Fuser/csrc/transform_replay.cpp

Line 776 in 9c9c34c

if (auto it = p2c_map.find(id); it != p2c_map.end()) {

fails to add anything to the consumer's allocation domain, leading to an empty allocation domain that doesn't post-dominate logical.

While I've worked around this problem by setting loop to be the same as allocation, @naoyam and I discussed some potential solutions in the original thread. There's a line of thoughts on improving replayCasP, and there's a line of thoughts on propagating allocation domain within a kernel through a different mechanism as this is currently only needed for matmul. cc @zasdfgbnm

The text was updated successfully, but these errors were encountered:

naoyam · 2024-12-06T04:11:24Z

Let me see if I understand the issue correctly.

replayCasP has an option to propagate the allocation domain but assumes all IDs of the allocation domain are found between the root to loop domains. If not, the propagation of the allocation domain fails.
We could extend replayCasP to properly support the case like the above.
We could also just disable the propagation, however, the matmul scheduler relies on it.

It seems to me that we should change the matmul scheduler rather than replayCasP. I'd generally believe each scheduling primitive should do one task only. If we need to schedule the allocation domain, it should probably be done separately from the propagation of the loop domain.

Since this is only a problem with the matmul scheduler, I feel that we should extend the matmul scheduler to do scheduling of the allocation domain more explicitly.

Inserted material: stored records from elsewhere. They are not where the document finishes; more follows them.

lemma chain_direct_sum_decomposition:
  assumes I_subspace: "\<And>k. k \<le> n \<Longrightarrow> subspace (I k)"
    and I_dec: "\<And>k. k < n \<Longrightarrow> I (Suc k) \<subseteq> I k" and "I n = {0}"
  obtains C where "\<And>p. p < n \<Longrightarrow> subspace (C p)"
    "\<And>p. p < n \<Longrightarrow> I p = {u + v | u v. u \<in> C p \<and> v \<in> I (Suc p)}"
    "\<And>p. p < n \<Longrightarrow> C p \<inter> I (Suc p) = {0}"
    "I 0 \<subseteq> span (\<Union>p\<in>{..<n}. C p)"
    "\<And>F x. finite F \<Longrightarrow> F \<subseteq> {..<n} \<Longrightarrow> \<forall>p\<in>F. x p \<in> C p \<Longrightarrow> sum x F = 0 \<Longrightarrow> \<forall>p\<in>F. x p = 0"
proof -
  let ?complement = "\<lambda>p C. subspace C \<and> C \<subseteq> I p \<and>
    I p = {u + v | u v. u \<in> C \<and> v \<in> I (Suc p)} \<and> C \<inter> I (Suc p) = {0}"
  define C where "C p = (SOME C. ?complement p C)" for p
  have "?complement p (C p)" if p_less: "p < n" for p
  proof -
    have "subspace (I (Suc p))" "subspace (I p)"
      using p_less I_subspace by simp_all
    then have "\<exists>C. ?complement p C"
      using I_dec[OF p_less] by (rule subspace_complement_exists)
    then show ?thesis
      unfolding C_def by (rule someI_ex)
  qed
  then have C: "\<And>p. p < n \<Longrightarrow> subspace (C p)" "\<And>p. p < n \<Longrightarrow> C p \<subseteq> I p"
    "\<And>p. p < n \<Longrightarrow> I p = {u + v | u v. u \<in> C p \<and> v \<in> I (Suc p)}"
    "\<And>p. p < n \<Longrightarrow> C p \<inter> I (Suc p) = {0}"
    by blast+
  show ?thesis
  proof (rule that)
    show "I 0 \<subseteq> span (\<Union>p\<in>{..<n}. C p)"
      using chain_subset_span_complements[of I n 0 C] C(3) \<open>I n = {0}\<close> by (simp add: atLeast0LessThan)
    show "\<forall>p\<in>F. x p = 0" if "finite F" "F \<subseteq> {..<n}" "\<forall>p\<in>F. x p \<in> C p" "sum x F = 0" for F x
      using chain_complements_independent[where I = I and n = n and C = C, OF I_subspace I_dec C(2,4) that] .
  qed (use C in blast)+
qed

end

section \<open>Chains of ideals in a finite-dimensional algebra\<close>

locale finite_dimensional_algebra = finite_dimensional_vector_space scale Basis
  for scale :: "'k::field \<Rightarrow> 'a::ring_1 \<Rightarrow> 'a" and Basis +
  assumes scale_mult_left: "scale c (x * y) = scale c x * y"
    and scale_mult_right: "scale c (x * y) = x * scale c y"
begin

lemma scale_one_mult: "scale c 1 * x = scale c x"
  by (metis scale_mult_left mult_1_left)

lemma mult_scale_one: "x * scale c 1 = scale c x"
  by (metis scale_mult_right mult_1_right)

lemma subspace_mult_left: "subspace X \<Longrightarrow> subspace ((\<lambda>x. a * x) -` X)"
  by (auto simp: subspace_def distrib_left scale_mult_right[symmetric])

lemma subspace_mult_right: "subspace X \<Longrightarrow> subspace ((\<lambda>x. x * a) -` X)"
  by (auto simp: subspace_def distrib_right scale_mult_left[symmetric])

lemma span_mult_left_closed:
  assumes "\<And>g. g \<in> G \<Longrightarrow> a * g \<in> span G" and "x \<in> span G"
  shows "a * x \<in> span G"
proof -
  have "x \<in> (\<lambda>x. a * x) -` span G"
    using assms(2)
  proof (induction rule: span_induct)
    case base
    then show ?case using subspace_mult_left[OF subspace_span] by (simp add: vimage_def)
  next
    case (step x)
    then show ?case using assms(1) by simp
  qed
  then show ?thesis by simp
qed
lemma worst_swap_up:
  assumes "committee_rule V A F" "SPP V A F" "profile V A P" "i \<in> V"
    and "s \<in> A" "s \<noteq> worst (P i) (F P)"
  shows "worst (swap_up (P i) s) (F (P(i := swap_up (P i) s))) \<in> {worst (P i) (F P), s}"
proof (rule ccontr)
  define xs where "xs = P i"
  define ys where "ys = swap_up xs s"
  define W where "W = F P"
  define W' where "W' = F (P(i := ys))"
  define b where "b = worst xs W"
  define b' where "b' = worst ys W'"
  define c where "c = worst xs W'"
  assume "worst (swap_up (P i) s) (F (P(i := swap_up (P i) s))) \<notin> {worst (P i) (F P), s}"
  then have b': "b' \<noteq> b" "b' \<noteq> s"
    by (simp_all add: b'_def b_def ys_def xs_def W'_def W_def)
  have b: "b \<noteq> s" using assms(6) by (simp add: b_def xs_def W_def)
  have xs: "distinct xs" "set xs = A" "lin_order A xs"
    using assms(3,4) by (simp_all add: profile_def xs_def lin_order_def)
  then have ys: "distinct ys" "set ys = A" "lin_order A ys"
    using assms(5) lin_order_swap_up[of A xs s] by (simp_all add: ys_def lin_order_def)
  have profile': "profile V A (P(i := ys))" using assms(3) ys by (simp add: profile_def)
  have "W \<noteq> {}" "W \<subseteq> A" "W' \<noteq> {}" "W' \<subseteq> A"
    using assms(1,3) profile' by (auto simp: committee_rule_def W_def W'_def)
  then have bW: "b \<in> W" "b \<in> A" and b'W: "b' \<in> W'" "b' \<in> A" and cW: "c \<in> W'" "c \<in> A"
    using worst_mem_pos_ge[of xs _ W] worst_mem_pos_ge[of ys _ W'] worst_mem_pos_ge[of xs _ W'] xs ys
    by (fastforce simp: b_def b'_def c_def)+
  have "worst ys W = b"
  proof (rule ccontr)
    define d where "d = worst ys W"
    assume "worst ys W \<noteq> b"
    then have "d \<noteq> b" by (simp add: d_def)
    have "d \<in> W" "pos ys b \<le> pos ys d"
      using worst_mem_pos_ge[of ys b W] ys bW by (simp_all add: d_def)
    moreover have "pos xs d \<le> pos xs b"
      using worst_mem_pos_ge[of xs d W] xs \<open>d \<in> W\<close> \<open>W \<subseteq> A\<close> by (auto simp: b_def)
    ultimately have "pos xs d < pos xs b" "pos ys b < pos ys d"
      using \<open>d \<noteq> b\<close> \<open>W \<subseteq> A\<close> bW xs ys pos_eq_iff[of d xs b] pos_eq_iff[of b ys d]
      by (auto simp: order.order_iff_strict)
    then show False
      using swap_up_keeps_precedence[of xs s d b] xs assms(5) b bW \<open>d \<in> W\<close> \<open>W \<subseteq> A\<close>
      by (auto simp: ys_def)
  qed
  then have "pos ys b' \<le> pos ys b"
    using assms(2,4) profile' xs unfolding SPP_def weak_pref_def b'_def W'_def W_def
    by (metis fun_upd_same fun_upd_upd fun_upd_triv xs_def)
  then have b'_b: "pos ys b' < pos ys b"
    using b' bW b'W ys pos_eq_iff[of b' ys b] by force
  have b_c: "pos xs b \<le> pos xs c"
    using assms(2-4) ys by (simp add: SPP_def weak_pref_def b_def c_def xs_def W_def W'_def)
  have b'_c: "pos xs b' \<le> pos xs c" using worst_mem_pos_ge[of xs b' W'] xs b'W by (simp add: c_def)
  have c_b': "pos ys c \<le> pos ys b'" using worst_mem_pos_ge[of ys c W'] ys cW by (simp add: b'_def)
  show False
  proof (cases "c = s")
    case True
    have "pos xs b < pos xs s" "pos xs b' < pos xs s"
      using b_c b'_c b b' True bW b'W xs assms(5) pos_eq_iff[of _ xs s] by (auto simp: order.order_iff_strict)
    moreover have "pos ys s < pos ys b'" "pos ys s < pos ys b"
      using c_b' b'_b b' True b'W ys assms(5) pos_eq_iff[of s ys b'] by (auto simp: order.order_iff_strict)
    ultimately have "b = xs ! (pos xs s - 1)" "b' = xs ! (pos xs s - 1)"
      using swap_up_overtaken[of xs s] xs assms(5) bW b'W by (auto simp: ys_def)
    with b' show False by simp
  next
    case False
    have "pos ys c < pos ys b" using c_b' b'_b by simp
    then have "pos xs c < pos xs b"
      using swap_up_reflects_precedence[of xs s c b] False xs assms(5) bW cW by (simp add: ys_def)
    with b_c show False by simp
  qed
qed

theorem lemma7:
  fixes V :: "'v set" and A :: "'a set" and F :: "('v \<Rightarrow> 'a list) \<Rightarrow> 'a set"
  assumes "finite V" and "V \<noteq> {}" and "finite A"
    and "committee_rule V A F" and "SPO V A F" and "SPP V A F"
    and "profile V A P" and "i \<in> V"
    and "best (P i) (F P) \<noteq> worst (P i) (F P)"
    and "s \<in> A" and "s \<noteq> best (P i) (F P)" and "s \<noteq> worst (P i) (F P)"
  shows "best (swap_up (P i) s) (F (P(i := swap_up (P i) s))) \<in> {best (P i) (F P), s}
       \<and> worst (swap_up (P i) s) (F (P(i := swap_up (P i) s))) \<in> {worst (P i) (F P), s}"
  using best_swap_up[OF assms(4,5,7,8,10,11)] worst_swap_up[OF assms(4,6,7,8,10,12)] by blast

end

What do you think? @jacobhinkle @rdspring1 @protonu @zasdfgbnm

jacobhinkle · 2024-12-06T10:40:15Z

My .02: when I encountered this in the matmul scheduler I was surprised it propagated allocation domain. I think we should change that behavior since explicit is better than implicit.

zasdfgbnm · 2024-12-06T18:21:36Z

Isn't this guarded by a flag?

Fuser/csrc/transform_replay.cpp

Line 733 in 9c9c34c

if (!opt.replay_allocation) {

Would a quick unblock be to just set this flag to false wherever it is used? I believe it was used in cacheBefore/cacheAfter.

But on the other hand, I do think replaying allocation domain (or at least stride order) is what we want. For example, if you have a fusion input NCHW stride order NHWC, and when you cacheAfter this fusion input, you do want to have NHWC as allocation domain in the cache because otherwise you will not be able to vectorize. I think it is not matmul vs other schedulers. It is only used by matmul because matmul is the only scheduler that is stride-order-aware today. Other schedulers will just schedule a bad kernel with no vectorization, which is what we should change in the future.

naoyam · 2024-12-06T19:26:09Z

@zasdfgbnm For cacheAfter, I understand that we need to have a proper allocation order, but more strictly speaking, the allocation domain propagated from the input isn't actually the real allocation domain, right? The cache tensor should have some splits for parallelization that don't exist for the input tensor. So, the automatic propagation done by replayCasP isn't actually enough.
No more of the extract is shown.